Prefix mode offers a simple translation between exponent strings and 
one or two letter prefixes. 
For scientific and engineering formats the prefixes are matched to
integer multiple of 3 exponent according to the [SI prefixes](https://www.nist.gov/pml/owm/metric-si-prefixes).
For binary formatsthe prefixes are matched to integer multiples of 10 
according to the [IEC prefixes](https://physics.nist.gov/cuu/Units/binary.html).
Supported translations:

SI Prefixes:

| Exponent Value   | Prefix Name | Prefix   |
|------------------|-------------|----------|
| 10<sup>+30</sup> | Quetta      | Q        |
| 10<sup>+27</sup> | Ronna       | R        |
| 10<sup>+24</sup> | Yotta       | Y        |
| 10<sup>+21</sup> | Zetta       | Z        |
| 10<sup>+18</sup> | Exa         | E        |
| 10<sup>+15</sup> | Peta        | P        |
| 10<sup>+12</sup> | Tera        | T        | 
| 10<sup>+9</sup>  | Giga        | G        |
| 10<sup>+6</sup>  | Mega        | M        |
| 10<sup>+3</sup>  | Kilo        | k        |
| 10<sup>-3</sup>  | milli       | m        |
| 10<sup>-6</sup>  | micro       | &micro;  |
| 10<sup>-9</sup>  | nano        | n        |
| 10<sup>-12</sup> | pico        | p        |
| 10<sup>-15</sup> | femto       | f        |
| 10<sup>-18</sup> | atto        | a        |
| 10<sup>-21</sup> | zepto       | z        |
| 10<sup>-24</sup> | yocto       | y        |
| 10<sup>-27</sup> | ronto       | r        |
| 10<sup>-30</sup> | quecto      | q        |

IEC Prefixes:

| Exponent Value  | Prefix Name | Prefix |
|-----------------|-------------|--------|
| 2<sup>+80</sup> | Ronna       | Yi     |
| 2<sup>+70</sup> | Yotta       | Zi     |
| 2<sup>+60</sup> | Zetta       | Ei     |
| 2<sup>+50</sup> | Exa         | Pi     |
| 2<sup>+40</sup> | Peta        | Ti     |
| 2<sup>+30</sup> | Tera        | Gi     | 
| 2<sup>+20</sup> | Giga        | Mi     |
| 2<sup>+10</sup> | Kibi        | Ki     |

Examples of prefix mode are:

- `f'{sfloat(12.4e+06):rp}'` gives `'12 M`'
- `f'{sfloat(1024*2**10):bp'` gives `1 Mi`


# Configuration options (forthcoming)

It is possible to modify the global default configuration for `sciform`
to avoid repetition of verbose (and difficult-to-parse-for-humans) 
format specification strings. 

The global defaults are stored in the `FMT_SPEC_GLOBAL_DEFAULTS` 
`FormatSpec` object.
When a call is made to format an `sfloat`, any parameters extracted from
the format specification string are used for the formatting, while any 
parameters not supplied are extracted from the global defaults object.
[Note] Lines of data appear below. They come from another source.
(* For every prime power $q$, there are no cutting $[7,4]_{q^3/q}$ systems.
   Context: An $[n,k]_{q^m/q}$ system is an $\mathbb F_q$-subspace $U$ of $\mathbb F_{q^m}^k$ with $\dim_{\mathbb F_q}(U)=n$ and $\langle U\rangle_{\mathbb F_{q^m}}=\mathbb F_{q^m}^k$. It is cutting if for every $\mathbb F_{q^m}$-hyperplane $H$ of $\mathbb F_{q^m}^k$ one has $\langle H\cap U\rangle_{\mathbb F_{q^m}}=H$. *)

theory Defs
  imports "HOL-Analysis.Analysis"
begin

definition is_subfield :: "'a::field set \<Rightarrow> bool" where
  "is_subfield K \<longleftrightarrow> 0 \<in> K \<and> 1 \<in> K \<and>
     (\<forall>x\<in>K. \<forall>y\<in>K. x + y \<in> K \<and> x * y \<in> K) \<and>
     (\<forall>x\<in>K. - x \<in> K) \<and> (\<forall>x\<in>K. x \<noteq> 0 \<longrightarrow> inverse x \<in> K)"

definition span_over :: "'a::field set \<Rightarrow> ('a ^ 'n) set \<Rightarrow> ('a ^ 'n) set" where
  "span_over F S = {x. \<exists>T c. finite T \<and> T \<subseteq> S \<and> (\<forall>v\<in>T. c v \<in> F) \<and>
                          x = (\<Sum>v\<in>T. c v *s v)}"

definition subspace_over :: "'a::field set \<Rightarrow> ('a ^ 'n) set \<Rightarrow> bool" where
  "subspace_over F U \<longleftrightarrow> 0 \<in> U \<and> (\<forall>x\<in>U. \<forall>y\<in>U. x + y \<in> U) \<and>
                        (\<forall>c\<in>F. \<forall>x\<in>U. c *s x \<in> U)"
lemma fact_mult_esym_le:
  assumes "finite W" and "\<And>i. i \<in> W \<Longrightarrow> 0 \<le> x i"
  shows "fact k * esym x W k \<le> (\<Sum>i\<in>W. x i) ^ k"
proof (induction k)
  case 0
  have "ksets W 0 = {{}}"
    using finite_ksets_member[OF assms(1), of _ 0] by (auto simp: ksets_def card_eq_0_iff)
  then show ?case by (simp add: esym_def)
next
  case (Suc k)
  let ?S = "\<Sum>i\<in>W. x i"
  have "fact (Suc k) * esym x W (Suc k) = fact k * (real (Suc k) * esym x W (Suc k))" by simp
  also have "\<dots> \<le> fact k * (?S * esym x W k)"
    using Suc_mult_esym_le[OF assms] by (intro mult_left_mono) auto
  also have "\<dots> = ?S * (fact k * esym x W k)" by simp
  also have "\<dots> \<le> ?S * ?S ^ k" using Suc assms(2) by (intro mult_left_mono sum_nonneg) auto
  finally show ?case by simp
qed

lemma sum_le_card_powr_mult_norm:
  assumes "p \<ge> 1" and "finite W" and "W \<noteq> {}" and "\<And>i. i \<in> W \<Longrightarrow> 0 < x i"
  shows "(\<Sum>i\<in>W. x i) \<le> real (card W) powr (1 - 1 / p) * (\<Sum>i\<in>W. x i powr p) powr (1 / p)"
proof -
  let ?N = "real (card W)" and ?S = "\<Sum>i\<in>W. x i"
  have N: "?N > 0" using assms(2,3) by (simp add: card_gt_0_iff)
  have "(?S / ?N) powr p \<le> (\<Sum>i\<in>W. x i powr p) / ?N"
    using convex_on_sum[OF assms(2,3) powr_convex[OF assms(1)], of "\<lambda>_. 1 / ?N" x] N assms(4)
    by (simp add: sum_distrib_left[symmetric] sum_divide_distrib[symmetric])
  then have "((?S / ?N) powr p) powr (1 / p) \<le> ((\<Sum>i\<in>W. x i powr p) / ?N) powr (1 / p)"
    using assms(1) by (intro powr_mono2) auto
  moreover have "((?S / ?N) powr p) powr (1 / p) = ?S / ?N"
    using assms(1,4) N by (simp add: powr_powr sum_nonneg less_imp_le)
  ultimately have "?S / ?N \<le> (\<Sum>i\<in>W. x i powr p) powr (1 / p) / ?N powr (1 / p)"
    using N by (simp add: powr_divide sum_nonneg)
  then show ?thesis
    using N by (simp add: divide_le_eq powr_diff field_simps)
qed

lemma fact_mult_esym_le_powr:
  assumes "p \<ge> 1" and "finite W" and "W \<noteq> {}" and "\<And>i. i \<in> W \<Longrightarrow> 0 < x i"
    and "(\<Sum>i\<in>W. x i powr p) \<le> 1" and "card W \<le> n"
  shows "fact k * esym x W k \<le> (real n powr (1 - 1 / p)) ^ k"
proof -
  have "(\<Sum>i\<in>W. x i) \<le> real (card W) powr (1 - 1 / p) * (\<Sum>i\<in>W. x i powr p) powr (1 / p)"
    by (rule sum_le_card_powr_mult_norm[OF assms(1-4)])
  also have "\<dots> \<le> real n powr (1 - 1 / p) * 1"
  proof (rule mult_mono)
    have "(\<Sum>i\<in>W. x i powr p) powr (1 / p) \<le> 1 powr (1 / p)"
      using assms(1,5) by (intro powr_mono2) (auto intro: sum_nonneg)
    then show "(\<Sum>i\<in>W. x i powr p) powr (1 / p) \<le> 1" by simp
  qed (use assms(1,6) in \<open>auto intro: powr_mono2\<close>)
  finally have "(\<Sum>i\<in>W. x i) \<le> real n powr (1 - 1 / p)" by simp
  moreover have "0 \<le> (\<Sum>i\<in>W. x i)" using assms(4) by (simp add: sum_nonneg less_imp_le)
  ultimately show ?thesis
    using fact_mult_esym_le[OF assms(2), of x k] assms(4) by (smt (verit) less_imp_le power_mono)
qed

section \<open>Degrees at a principal eigenvector\<close>

lemma Qdeg_eq_sum: "Qdeg Q H v = (\<Sum>I\<in>{I \<in> ksets (fst H) (card (fst Q)). v \<in> I}. copies Q (induced H I))"
  by (simp add: Qdeg_def ksets_def conj_assoc)

lemma polyQ_partial_le:
  assumes "finite (fst H)" and "v \<in> fst H" and "card (fst Q) = Suc k"
    and "\<And>i. i \<in> fst H \<Longrightarrow> m \<le> x i" and "0 \<le> m"
    and "\<And>I. I \<in> ksets (fst H) (Suc k) \<Longrightarrow> real (copies Q (induced H I)) \<le> c"
  shows "polyQ_partial Q H v x \<le> fact (Suc k) *
    (real (Qdeg Q H v) * m ^ k + c * (esym x (fst H - {v}) k - real (card (fst H) - 1 choose k) * m ^ k))"
proof -
  let ?T = "{I \<in> ksets (fst H) (Suc k). v \<in> I}"
  define N where "N I = real (copies Q (induced H I))" for I
  define R where "R I = (\<Prod>i\<in>I - {v}. x i)" for I
  have bound: "N I * R I \<le> N I * m ^ k + c * (R I - m ^ k)" if I: "I \<in> ?T" for I
  proof -
    have "finite I" using I finite_ksets_member[OF assms(1)] by blast
    with I have "card (I - {v}) = k" and "I \<subseteq> fst H" by (auto simp: ksets_def)
    then have "m ^ k = (\<Prod>i\<in>I - {v}. m)" by simp
    also have "\<dots> \<le> R I" unfolding R_def
      by (rule prod_mono) (use assms(4,5) \<open>I \<subseteq> fst H\<close> in auto)
    finally have "N I * (R I - m ^ k) \<le> c * (R I - m ^ k)"
      using assms(6) I by (intro mult_right_mono) (auto simp: N_def)
    then show ?thesis by (simp add: algebra_simps)
  qed
  have "(\<Sum>I\<in>?T. N I * R I) \<le> (\<Sum>I\<in>?T. N I * m ^ k + c * (R I - m ^ k))"
    using bound by (rule sum_mono)
  also have "\<dots> = (\<Sum>I\<in>?T. N I) * m ^ k + c * ((\<Sum>I\<in>?T. R I) - real (card ?T) * m ^ k)"
    by (simp add: sum.distrib sum_distrib_left[symmetric] sum_distrib_right sum_subtractf)
  also have "(\<Sum>I\<in>?T. R I) = esym x (fst H - {v}) k"
    unfolding R_def esym_def by (rule sum_ksets_containing[OF assms(1,2)])
  also have "(\<Sum>I\<in>?T. N I) = real (Qdeg Q H v)" by (simp add: Qdeg_eq_sum N_def assms(3))
  also have "card ?T = card (fst H) - 1 choose k" by (rule card_ksets_containing[OF assms(1,2)])
  finally show ?thesis
    unfolding polyQ_partial_def N_def R_def assms(3) by (intro mult_left_mono) auto
qed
The global configuration object can be permanently modified using the 
`update_global_defaults()` function and `kwargs` corresponding to the 
parameters the default configuration options the user would like to
update (TODO: Documentation of acceptable `kwargs`). 
The user can also pass in an entirely new replacement `FormatSpec`
object to use as the new global configuration object.
In this case any `kwargs` passed in will be used to update this new
configuration object after it has replaced the old one.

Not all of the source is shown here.